BUT had a leak from the xmission case. I had filled the xmission with diesel intending to run it for a sort while to clean everything. Diesel was dripping from the xmission case. Not Good. Split the tractor again and replaced the xmission shaft seal. Finally got it back together and no leak.

I am now working my way back on the tractor and have now reached the hydraulic stuff. Started looking at the draft control and tried to remove the draft control rocker PN NCA535B. The pins to the rear end housing and the draft control rod are frozen in. Really, really frozen. Could not pound them out. Tried heating with a propane torch using a MAP cylinder but cannot get either to budge. I can buy a new rocker arm but am leery of pounding too hard on the pin going thru the case ear. Certainly don't wand to break that off.

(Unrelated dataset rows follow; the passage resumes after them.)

(* Define, for $m,n\ge1$, $\widetilde G_{m,n}(a)=G_{m,n}(a)+\sum_{j=0}^{m-2}G_{n-1,j+2}(a)\,G_{m-j-1,2}(a)$. Then \[ \sum_{m\ge1}\sum_{n\ge1}\widetilde G_{m,n+1}(a)x^my^n=\frac{-yL(a,-x)+xL(a,-y)}{-L(a,-x)+L(a,-y)}\left(\frac{-yL(a,-x)-xL(a,-y)}{xy}-1\right), \] and consequently $\widetilde G_{m,n}(a)=\widetilde G_{n-1,m+1}(a)$ for all $m\ge1$, $n\ge2$.
   Context: Let $L(a,t)=\sum_{n\ge1}\lambda_n(a)t^n\in\mathbb Q[a][[t]]$ be the compositional inverse (in $t$) of $e^{-at}(e^t-1)$, equivalently the unique such series with $e^{L(a,t)}(1-te^{(a-1)L(a,t)})=1$. The generalized Gregory polynomials $G_{m,n}(a)$ are defined by $\sum_{m,n\ge0}G_{m,n}(a)x^my^n=\dfrac{yL(a,-x)^2-xL(a,-y)^2}{-L(a,-x)+L(a,-y)}$. *)

theory Defs
  imports "HOL-Computational_Algebra.Formal_Power_Series"
begin

(* The parameter a ranges over an arbitrary field of characteristic 0
   (e.g. rat, or the fraction field of rat poly, where a = the indeterminate). *)

definition gregL :: "'a::field_char_0 \<Rightarrow> 'a fps" where
  "gregL a = fps_inv (fps_exp (- a) * (fps_exp 1 - 1))"

definition fps_neg_arg :: "'a::comm_ring_1 fps \<Rightarrow> 'a fps" where
  "fps_neg_arg f = Abs_fps (\<lambda>n. (-1) ^ n * fps_nth f n)"

(* Bivariate power series in x,y: elements of ('a fps) fps, outer variable y,
   inner variable x. The series sum c(m,n) x^m y^n is bfps c. *)
definition bfps :: "(nat \<Rightarrow> nat \<Rightarrow> 'a::zero) \<Rightarrow> 'a fps fps" where
  "bfps c = Abs_fps (\<lambda>n. Abs_fps (\<lambda>m. c m n))"

definition bcoeff :: "'a::zero fps fps \<Rightarrow> nat \<Rightarrow> nat \<Rightarrow> 'a" where
  "bcoeff F m n = fps_nth (fps_nth F n) m"

definition bX :: "'a::comm_ring_1 fps fps" where
  "bX = fps_const fps_X"

definition bY :: "'a::comm_ring_1 fps fps" where
  "bY = fps_X"

definition in_x :: "'a::comm_ring_1 fps \<Rightarrow> 'a fps fps" where
  "in_x f = fps_const f"

definition in_y :: "'a::comm_ring_1 fps \<Rightarrow> 'a fps fps" where
  "in_y f = Abs_fps (\<lambda>n. fps_const (fps_nth f n))"

definition bdiv :: "'a::idom fps fps \<Rightarrow> 'a fps fps \<Rightarrow> 'a fps fps" where
  "bdiv N D = (THE H. H * D = N)"

definition Lmx :: "'a::field_char_0 \<Rightarrow> 'a fps fps" where
  "Lmx a = in_x (fps_neg_arg (gregL a))"

definition Lmy :: "'a::field_char_0 \<Rightarrow> 'a fps fps" where
  "Lmy a = in_y (fps_neg_arg (gregL a))"

definition gregG :: "'a::field_char_0 \<Rightarrow> nat \<Rightarrow> nat \<Rightarrow> 'a" where
  "gregG a m n = bcoeff (bdiv (bY * (Lmx a)^2 - bX * (Lmy a)^2) (- Lmx a + Lmy a)) m n"

(* \<tilde>G_{m,n}(a) for m,n \<ge> 1; the sum j = 0..m-2 is written j < m - 1 *)
definition gregGt :: "'a::field_char_0 \<Rightarrow> nat \<Rightarrow> nat \<Rightarrow> 'a" where
  "gregGt a m n = gregG a m n + (\<Sum>j<m - 1. gregG a (n - 1) (j + 2) * gregG a (m - j - 1) 2)"

end

theory Submission
  imports Defs
begin

(*
  Write u = L(a,-x) and v = L(a,-y). Since (v - u)/(x - y) is a unit, every quotient in the
  statement exists, and the generating function G of the G_{m,n} as well as the two factors
  A and B on the right-hand side are invariant under x <-> y. Comparing the coefficients of
  y^0, y^1, y^2 in G (v - u) = y u^2 - x v^2 gives G_{m,0} = 0, G_{m,1} = -[x^m] u and
  G_{.,2}(x) u = u + x. Hence the first term of the tilde-G series is (G + y u)/y and the
  convolution term is G_{.,2}(x) (G + x v)/x, and the claimed identity becomes a ring
  identity after multiplying by x y u (v - u). The symmetry of the coefficients is then
  that of A (B - 1).
*)

unbundle fps_syntax

lemma bcoeff_bfps [simp]: "bcoeff (bfps c) m n = c m n"
  by (simp add: bcoeff_def bfps_def)

lemma bcoeff_eqI: "(\<And>m n. bcoeff F m n = bcoeff G m n) \<Longrightarrow> F = G"
  unfolding bcoeff_def by (intro fps_ext) auto

lemma bcoeff_1 [simp]: "bcoeff (1 :: 'a::comm_ring_1 fps fps) m n = (if m = 0 \<and> n = 0 then 1 else 0)"
  by (simp add: bcoeff_def)

lemma bcoeff_add [simp]: "bcoeff (F + G) m n = bcoeff F m n + bcoeff G m n"
  by (simp add: bcoeff_def)

lemma bcoeff_diff [simp]: "bcoeff (F - G :: 'a::ab_group_add fps fps) m n = bcoeff F m n - bcoeff G m n"
  by (simp add: bcoeff_def)

lemma bcoeff_uminus [simp]: "bcoeff (- F :: 'a::ab_group_add fps fps) m n = - bcoeff F m n"
  by (simp add: bcoeff_def)

lemma bcoeff_mult:
  "bcoeff (P * Q :: 'a::comm_ring_1 fps fps) m n =
     (\<Sum>i=0..n. \<Sum>k=0..m. bcoeff P k i * bcoeff Q (m - k) (n - i))"
  by (simp add: bcoeff_def fps_mult_nth fps_sum_nth)

lemma bcoeff_bX: "bcoeff (bX :: 'a::comm_ring_1 fps fps) m n = (if m = 1 \<and> n = 0 then 1 else 0)"
  by (simp add: bcoeff_def bX_def)

lemma bcoeff_bY: "bcoeff (bY :: 'a::comm_ring_1 fps fps) m n = (if m = 0 \<and> n = 1 then 1 else 0)"
  by (simp add: bcoeff_def bY_def)

lemma bcoeff_bX_mult [simp]:
  "bcoeff (bX * P :: 'a::comm_ring_1 fps fps) m n = (if m = 0 then 0 else bcoeff P (m - 1) n)"
  by (simp add: bcoeff_def bX_def fps_X_mult_nth)

lemma bcoeff_bY_mult [simp]:
  "bcoeff (bY * P :: 'a::comm_ring_1 fps fps) m n = (if n = 0 then 0 else bcoeff P m (n - 1))"
  by (simp add: bcoeff_def bY_def fps_X_mult_nth)

lemma bcoeff_in_x [simp]: "bcoeff (in_x f) m n = (if n = 0 then f $ m else 0)"
  by (simp add: bcoeff_def in_x_def)

lemma bcoeff_in_y [simp]: "bcoeff (in_y f) m n = (if m = 0 then f $ n else 0)"
  by (simp add: bcoeff_def in_y_def)

lemma bcoeff_in_x_mult:
  "bcoeff (in_x c * P :: 'a::comm_ring_1 fps fps) m n = (\<Sum>k=0..m. c $ k * bcoeff P (m - k) n)"
  by (simp only: bcoeff_def in_x_def fps_mult_left_const_nth) (simp add: fps_mult_nth)

lemma bX_nonzero: "(bX :: 'a::comm_ring_1 fps fps) \<noteq> 0"
  by (simp add: bX_def)

lemma bY_nonzero: "(bY :: 'a::comm_ring_1 fps fps) \<noteq> 0"
  by (simp add: bY_def)

lemma in_x_mult: "in_x (f * g) = in_x f * in_x g"
  by (simp add: in_x_def)

lemma in_x_X: "in_x fps_X = bX"
  by (simp add: in_x_def bX_def)

lemma in_y_X: "in_y (fps_X :: 'a::comm_ring_1 fps) = bY"
  by (rule bcoeff_eqI) (auto simp add: bcoeff_bY)

definition bswap :: "'a::zero fps fps \<Rightarrow> 'a fps fps" where
  "bswap F = bfps (\<lambda>m n. bcoeff F n m)"

lemma bcoeff_bswap [simp]: "bcoeff (bswap F) m n = bcoeff F n m"
  by (simp add: bswap_def)

lemma bswap_mult: "bswap (P * Q :: 'a::comm_ring_1 fps fps) = bswap P * bswap Q"
proof (rule bcoeff_eqI)
  fix m n
  have "bcoeff (bswap (P * Q)) m n = (\<Sum>i=0..m. \<Sum>k=0..n. bcoeff P k i * bcoeff Q (n - k) (m - i))"
    by (simp only: bcoeff_bswap bcoeff_mult)
  also have "\<dots> = (\<Sum>k=0..n. \<Sum>i=0..m. bcoeff P k i * bcoeff Q (n - k) (m - i))"
    by (rule sum.swap)
  also have "\<dots> = bcoeff (bswap P * bswap Q) m n"
    by (simp only: bcoeff_bswap bcoeff_mult)
  finally show "bcoeff (bswap (P * Q)) m n = bcoeff (bswap P * bswap Q) m n" .
qed

lemma bswap_add: "bswap (P + Q) = bswap P + bswap Q"
  by (rule bcoeff_eqI) simp

lemma bswap_diff: "bswap (P - Q :: 'a::ab_group_add fps fps) = bswap P - bswap Q"
  by (rule bcoeff_eqI) simp

lemma bswap_uminus: "bswap (- Q :: 'a::ab_group_add fps fps) = - bswap Q"
  by (rule bcoeff_eqI) simp

lemma bswap_1: "bswap (1 :: 'a::comm_ring_1 fps fps) = 1"
  by (rule bcoeff_eqI) auto

lemma bswap_bX: "bswap (bX :: 'a::comm_ring_1 fps fps) = bY"
  by (rule bcoeff_eqI) (simp add: bcoeff_bX bcoeff_bY)

lemma bswap_bY: "bswap (bY :: 'a::comm_ring_1 fps fps) = bX"
  by (rule bcoeff_eqI) (simp add: bcoeff_bX bcoeff_bY)

lemma bswap_in_x: "bswap (in_x f) = in_y f"
  by (rule bcoeff_eqI) simp

lemma bswap_in_y: "bswap (in_y f) = in_x f"
  by (rule bcoeff_eqI) simp

lemmas bswap_ring_simps = bswap_add bswap_diff bswap_uminus bswap_mult bswap_1
  bswap_bX bswap_bY bswap_in_x bswap_in_y

lemma in_y_mult: "in_y (f * g :: 'a::comm_ring_1 fps) = in_y f * in_y g"
  by (metis bswap_in_x bswap_mult in_x_mult)

definition divided_difference :: "'a::zero fps \<Rightarrow> 'a fps fps" where
  "divided_difference h = bfps (\<lambda>m n. h $ (m + n + 1))"

lemma divided_difference_eq: "(bX - bY) * divided_difference h = in_x h - in_y h"
proof (rule bcoeff_eqI)
  fix m n
  show "bcoeff ((bX - bY) * divided_difference h) m n = bcoeff (in_x h - in_y h) m n"
    by (cases m; cases n) (simp_all add: divided_difference_def left_diff_distrib)
qed

lemma divided_difference_invertible:
  fixes h :: "'a::comm_ring_1 fps"
  assumes "h $ 1 * c = 1"
  shows "\<exists>Q. divided_difference h * Q = 1"
proof -
  have "fps_shift 1 h * fps_right_inverse (fps_shift 1 h) c = 1"
    using assms by (intro fps_right_inverse) simp
  moreover have "divided_difference h $ 0 = fps_shift 1 h"
    by (simp add: divided_difference_def bfps_def fps_shift_def)
  ultimately show ?thesis
    by (metis fps_right_inverse)
qed

lemma bdiv_eqI: "D \<noteq> 0 \<Longrightarrow> H * D = N \<Longrightarrow> bdiv N D = (H :: 'a::idom fps fps)"
  unfolding bdiv_def by (rule the_equality) auto

lemma bswap_eq_of_antisymmetric_quotient:
  fixes D N H :: "'a::idom fps fps"
  assumes "D \<noteq> 0" "H * D = N" "bswap D = - D" "bswap N = - N"
  shows "bswap H = H"
proof -
  have "bswap H * (- D) = - N"
    using assms(2-4) by (metis bswap_mult)
  hence "(bswap H - H) * D = 0"
    using assms(2) by (simp add: algebra_simps)
  thus ?thesis
    using assms(1) by simp
qed

lemma sum_convolution_reindex:
  fixes c g :: "nat \<Rightarrow> 'b::comm_ring_1"
  assumes "c 0 = 0"
  shows "(\<Sum>j<M. g (j + 2) * c (M - j)) =
         (\<Sum>k=0..M+2. c k * (if 2 \<le> M + 2 - k then g (M + 2 - k) else 0))"
proof -
  define F where "F k = c k * (if 2 \<le> M + 2 - k then g (M + 2 - k) else 0)" for k
  have "(\<Sum>k=0..M+2. F k) = (\<Sum>k<Suc M. F k)"
    by (simp add: atLeast0AtMost lessThan_Suc_atMost[symmetric] F_def)
  also have "\<dots> = (\<Sum>k<Suc M. c k * g (M + 2 - k))"
    by (rule sum.cong) (auto simp: F_def)
  also have "\<dots> = (\<Sum>i<Suc M. c (M - i) * g (i + 2))"
    by (subst sum.nat_diff_reindex[symmetric]) (intro sum.cong; auto simp: Suc_diff_le)
  also have "\<dots> = (\<Sum>j<M. g (j + 2) * c (M - j))"
    by (simp add: assms mult.commute)
  finally show ?thesis
    by (simp add: F_def)
qed

locale gregory_series =
  fixes f :: "'a::idom fps"
  assumes f_0: "f $ 0 = 0" and f_1: "f $ 1 = -1"
begin

definition D :: "'a fps fps" where
  "D = - in_x f + in_y f"

definition G :: "'a fps fps" where
  "G = bdiv (bY * (in_x f)^2 - bX * (in_y f)^2) D"

definition A :: "'a fps fps" where
  "A = bdiv (- bY * in_x f + bX * in_y f) D"

definition B :: "'a fps fps" where
  "B = bdiv (- bY * in_x f - bX * in_y f) (bX * bY)"

definition Gt :: "nat \<Rightarrow> nat \<Rightarrow> 'a" where
  "Gt m n = bcoeff G m n + (\<Sum>j<m - 1. bcoeff G (n - 1) (j + 2) * bcoeff G (m - j - 1) 2)"

lemma f_eq: "f = fps_X * fps_shift 1 f"
  by (rule fps_ext) (simp add: f_0 fps_X_mult_nth)

lemma f_nonzero: "f \<noteq> 0"
  using f_1 by auto

lemma in_x_f_nonzero: "in_x f \<noteq> 0"
  using f_nonzero by (simp add: in_x_def)

lemma divided_difference_f_unit: "\<exists>Q. divided_difference f * Q = 1"
  by (rule divided_difference_invertible[where c = "-1"]) (use f_1 in simp)

lemma D_eq: "D = - ((bX - bY) * divided_difference f)"
  by (simp add: D_def divided_difference_eq)

lemma D_nonzero: "D \<noteq> 0"
proof -
  have "bcoeff (bX - bY :: 'a fps fps) 1 0 = 1"
    by (simp add: bcoeff_bX bcoeff_bY)
  hence "(bX - bY :: 'a fps fps) \<noteq> 0"
    by auto
  moreover have "divided_difference f \<noteq> 0"
    using divided_difference_f_unit by auto
  ultimately show ?thesis
    by (simp add: D_eq)
qed

lemma in_x_f: "in_x f = bX * in_x (fps_shift 1 f)"
  by (subst f_eq) (simp add: in_x_mult in_x_X)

Any suggestions on how I can get that pin out? I tried to turn it my inserting a steel rod into the lynch-pin hole, but that just broke the end of the pin off? Did I mention that it is really stuck?


----------



## sixbales (May 18, 2011)

Can you drill the pin out? Start with a small bit and work your way up. Go gently so you don't break the bit off.


----------



## ErnieChilton (Jul 25, 2014)

Drilling it out is an option I have considered, however I have not had any luck drilling out hard steel pins. I have a sheared Grade 3 3/4" bolt on my other tractor that I have been drilling on for over a year. I drill for about 30 min then give up. About once a month I will walk by, and give it another try. So far I have a small hole about 1/4" deep, but not enough for to extractor to grab. Don't know how hard this pin is but it certainly is not soft steel. Also the side clearance between the pin and the case is pretty close making it difficult to put pressure on the drill. This is my last option but if I do try drilling, I would cut the pin off at both ends by inserting a hack saw blade between the rocker and the case ear. This would reduce the amount of drilling down to about 1". However, if I do this, I am screwed if I cannot get it out because I have no way to mount the rocker.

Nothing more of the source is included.